Orthognathic surgery will not be approved as the first surgical therapy for OSA unless otolaryngology evaluation has ruled out obstruction at a higher anatomic level.

The following are considered NOT MEDICALLY NECESSARY and are not covered:

1) Orthognathic surgery performed primarily for cosmetic purposes

2) Orthognathic surgery performed for malocclusion when the criteria listed above are not met.

3) Orthognathic surgery where significant risk of recurrence of symptoms or structural abnormalities exist. For treatment of mandibular excess, skeletal maturation must be documented by either:

(a) closure of the epiphyses at the wrist by radiography OR

(b) no change in mandibular or facial growth on serial cephalometric radiographs over six months

4) Orthognathic surgery performed to reshape or enhance the size of the chin to restore facial harmony and chin projection (e.g., genioplasty, mentoplasty chin augmentation, chin implants, mandibular osteotomies, ostectomies). Procedures to address genial hypoplasia, hypertrophy or asymmetry, when performed either as an isolated procedure or with other procedures, are considered cosmetic in nature.

5) Cosmetic augmentation of the mandibular angle or body is not covered. This procedure may be performed to add prominence and balance to the face.

Benefits Application:
BlueCard/National Account Issues:
This medical policy relates only to the services or supplies described herein. Please refer to the Member's Benefit Booklet for availability of benefits. Member's benefits may vary according to benefit design. Therefore, member benefit language should be reviewed before applying the terms of this medical policy.

Braces and any other orthodontic services are considered dental in nature and are not covered as a medical benefit.
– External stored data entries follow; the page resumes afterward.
(* Let $(\mathbf{X},\mathbf{A})\sim \textsf{CSBM}(n,p,q,\boldsymbol{\mu},\sigma^2)$. Let $\Psi$ be the attention architecture $$\Psi(\mathbf{X}_i,\mathbf{X}_j)=\boldsymbol{r}^T\,\mathrm{LeakyRelu}\!\left(\mathbf{S}\begin{bmatrix}\tilde{\boldsymbol{w}}^T\mathbf{X}_i\\ \tilde{\boldsymbol{w}}^T\mathbf{X}_j\end{bmatrix}\right),\quad \tilde{\boldsymbol{w}}=\frac{\boldsymbol{\mu}}{\|\boldsymbol{\mu}\|},\quad \mathbf{S}=\begin{bmatrix}1&1\\-1&-1\\1&-1\\-1&1\end{bmatrix},\quad \boldsymbol{r}=R\begin{bmatrix}1\\1\\-1\\-1\end{bmatrix},$$ with $R=\Omega(n\log^2 n/\sigma)$, let $\gamma_{ij}=\exp(\Psi(\mathbf{X}_i,\mathbf{X}_j))/\sum_{\ell\in N_i}\exp(\Psi(\mathbf{X}_i,\mathbf{X}_\ell))$ and $h_i'=\sum_{j\in N_i}\gamma_{ij}\tilde{\boldsymbol{w}}^T\mathbf{X}_j$. Then with probability at least $1-o(1)$ over the data, for all $i\in[n]$: $h_i'>0$ if and only if $\tilde{\boldsymbol{w}}^T\mathbf{X}_i>0$, and $h_i'<0$ if and only if $\tilde{\boldsymbol{w}}^T\mathbf{X}_i<0$.
   Context: CSBM: fix $n,d\in\mathbb{N}$, $\boldsymbol{\mu}\in\mathbb{R}^d\setminus\{0\}$, $\sigma>0$, $p,q\in[0,1]$. Draw $\epsilon_1,\dots,\epsilon_n$ i.i.d. Bernoulli$(1/2)$, classes $C_k=\{j:\epsilon_j=k\}$. Independently $\mathbf{X}_i\sim N((2\epsilon_i-1)\boldsymbol{\mu},\sigma^2\mathbf{I})$. Adjacency entries $a_{ij}\sim\mathrm{Ber}(p)$ if $i,j$ are in the same class and $\mathrm{Ber}(q)$ otherwise; $N_i$ is the set of neighbors of $i$ together with $i$ itself. $\mathrm{LeakyRelu}(x)=x$ for $x\ge0$ and $\beta x$ for $x<0$, with fixed $\beta\in[0,1)$, applied entrywise. Asymptotic notation refers to $n\to\infty$, parameters may depend on $n$. *)

theory Defs
  imports "HOL-Probability.Probability"
begin

text \<open>Vectors in R^d are functions nat => real, only entries k < d matter.
  Feature matrix X : nat => nat => real (X i k = k-th coordinate of X_i, i < n, k < d).
  Graph: one Bernoulli variable per unordered pair {i,j}, i < j < n (undirected graph).\<close>

definition csbm_features ::
  "nat \<Rightarrow> nat \<Rightarrow> (nat \<Rightarrow> real) \<Rightarrow> real \<Rightarrow> (nat \<Rightarrow> bool) \<Rightarrow> (nat \<Rightarrow> nat \<Rightarrow> real) measure" where
  "csbm_features n d \<mu> \<sigma> \<epsilon> =
     PiM {..<n} (\<lambda>i. PiM {..<d}
       (\<lambda>k. density lborel (normal_density ((if \<epsilon> i then 1 else -1) * \<mu> k) \<sigma>)))"

definition csbm_graph ::
  "nat \<Rightarrow> real \<Rightarrow> real \<Rightarrow> (nat \<Rightarrow> bool) \<Rightarrow> (nat \<times> nat \<Rightarrow> bool) measure" where
  "csbm_graph n p q \<epsilon> =
     PiM {(i, j). i < j \<and> j < n}
       (\<lambda>(i, j). measure_pmf (bernoulli_pmf (if \<epsilon> i = \<epsilon> j then p else q)))"

text \<open>The law of the data (X, A): the class labels eps_1..eps_n are i.i.d. Bernoulli(1/2),
  i.e. uniform on {..<n} ->E bool; conditionally on them, features and edges are independent.\<close>
definition CSBM ::
  "nat \<Rightarrow> nat \<Rightarrow> (nat \<Rightarrow> real) \<Rightarrow> real \<Rightarrow> real \<Rightarrow> real
     \<Rightarrow> ((nat \<Rightarrow> nat \<Rightarrow> real) \<times> (nat \<times> nat \<Rightarrow> bool)) measure" where
  "CSBM n d \<mu> \<sigma> p q =
     Giry_Monad.bind (measure_pmf (pmf_of_set ({..<n} \<rightarrow>\<^sub>E (UNIV :: bool set))))
       (\<lambda>\<epsilon>. csbm_features n d \<mu> \<sigma> \<epsilon> \<Otimes>\<^sub>M csbm_graph n p q \<epsilon>)"

definition csbm_adj :: "(nat \<times> nat \<Rightarrow> bool) \<Rightarrow> nat \<Rightarrow> nat \<Rightarrow> bool" where
  "csbm_adj A i j = (i \<noteq> j \<and> (if i < j then A (i, j) else A (j, i)))"

definition nbhd :: "nat \<Rightarrow> (nat \<times> nat \<Rightarrow> bool) \<Rightarrow> nat \<Rightarrow> nat set" where
  "nbhd n A i = {j. j < n \<and> (j = i \<or> csbm_adj A i j)}"

definition leaky_relu :: "real \<Rightarrow> real \<Rightarrow> real" where
  "leaky_relu \<beta> x = (if x \<ge> 0 then x else \<beta> * x)"

definition vnorm :: "nat \<Rightarrow> (nat \<Rightarrow> real) \<Rightarrow> real" where
  "vnorm d v = sqrt (\<Sum>k<d. (v k)\<^sup>2)"

definition w_tilde :: "nat \<Rightarrow> (nat \<Rightarrow> real) \<Rightarrow> nat \<Rightarrow> real" where
  "w_tilde d \<mu> = (\<lambda>k. \<mu> k / vnorm d \<mu>)"

definition inner_d :: "nat \<Rightarrow> (nat \<Rightarrow> real) \<Rightarrow> (nat \<Rightarrow> real) \<Rightarrow> real" where
  "inner_d d w x = (\<Sum>k<d. w k * x k)"

definition S_mat :: "nat \<Rightarrow> nat \<Rightarrow> real" where
  "S_mat m c = [[1, 1], [-1, -1], [1, -1], [-1, 1]] ! m ! c"

definition r_vec :: "real \<Rightarrow> nat \<Rightarrow> real" where
  "r_vec R m = R * [1, 1, -1, -1] ! m"

definition Psi :: "real \<Rightarrow> real \<Rightarrow> real \<Rightarrow> real \<Rightarrow> real" where
  "Psi \<beta> R a b = (\<Sum>m<4. r_vec R m * leaky_relu \<beta> (S_mat m 0 * a + S_mat m 1 * b))"

definition gat_score ::
  "real \<Rightarrow> real \<Rightarrow> nat \<Rightarrow> (nat \<Rightarrow> real) \<Rightarrow> (nat \<Rightarrow> nat \<Rightarrow> real) \<Rightarrow> nat \<Rightarrow> nat \<Rightarrow> real" where
  "gat_score \<beta> R d \<mu> X i j =
     Psi \<beta> R (inner_d d (w_tilde d \<mu>) (X i)) (inner_d d (w_tilde d \<mu>) (X j))"

definition gat_gamma ::
  "real \<Rightarrow> real \<Rightarrow> nat \<Rightarrow> nat \<Rightarrow> (nat \<Rightarrow> real) \<Rightarrow> (nat \<Rightarrow> nat \<Rightarrow> real)
     \<Rightarrow> (nat \<times> nat \<Rightarrow> bool) \<Rightarrow> nat \<Rightarrow> nat \<Rightarrow> real" where
  "gat_gamma \<beta> R n d \<mu> X A i j =
     exp (gat_score \<beta> R d \<mu> X i j) / (\<Sum>l\<in>nbhd n A i. exp (gat_score \<beta> R d \<mu> X i l))"

definition gat_out ::
  "real \<Rightarrow> real \<Rightarrow> nat \<Rightarrow> nat \<Rightarrow> (nat \<Rightarrow> real) \<Rightarrow> (nat \<Rightarrow> nat \<Rightarrow> real)
     \<Rightarrow> (nat \<times> nat \<Rightarrow> bool) \<Rightarrow> nat \<Rightarrow> real" where
  "gat_out \<beta> R n d \<mu> X A i =
     (\<Sum>j\<in>nbhd n A i. gat_gamma \<beta> R n d \<mu> X A i j * inner_d d (w_tilde d \<mu>) (X j))"

end

theory Submission
  imports Defs "HOL-Real_Asymp.Real_Asymp"
begin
Some dental policies offer orthodontic services as part of the dental benefit.

Rationale:
Orthognathic surgery is the revision by ostectomy, osteotomy or osteoplasty of the upper jaw (maxilla) and/or the lower jaw (mandible) intended to alter the relationship of the jaws and teeth. These surgical procedures are intended (i) to correct skeletal jaw and cranio-facial deformities that may be associated with significant functional impairment and (ii) to reposition the jaws when conventional orthodontic therapy alone is unable to provide a satisfactory, functional dental occlusion within the limits of the available alveolar bone. Congenital or developmental defects can interfere with the normal development of the face and jaws.  These birth defects may interfere with the ability to chew properly, and may also affect speech and swallowing. In addition, trauma to the face and jaws may create skeletal deformities that cause significant functional impairment. Functional deficits addressed by this type of surgery are those that affect the skeletal masticatory apparatus such that chewing, speaking and/or swallowing are impaired.

There is limited evidence of the effectiveness of orthognathic surgery on temporomandibular disorders. Abrahamsson et al. (2007) examined if orthognathic surgery does affect the prevalence of signs and symptoms of temporomandibular disorders (TMDs). A literature survey in the PubMed and Cochrane Library electronic databases was performed and covered the period from January 1966 to April 2006. The inclusion criteria were controlled, prospective or retrospective studies comparing TMDs before and after orthognathic surgery in patients with malocclusion. There were no language restrictions, and three reviewers selected and extracted the data independently. The quality of the retrieved articles was evaluated by four reviewers. The search strategy resulted in 467 articles, of which three met the inclusion criteria. Because of few studies with unambiguous results and heterogeneity in study design, the scientific evidence was insufficient to evaluate the effects that orthognathic surgery had on TMD. Moreover, the studies had problems with inadequate selection description, confounding factors and lack of method error analysis. The authors concluded that to obtain reliable scientific evidence, additional well-controlled and well-designed studies are needed to determine how and if orthognathic surgery alters signs and symptoms of TMD.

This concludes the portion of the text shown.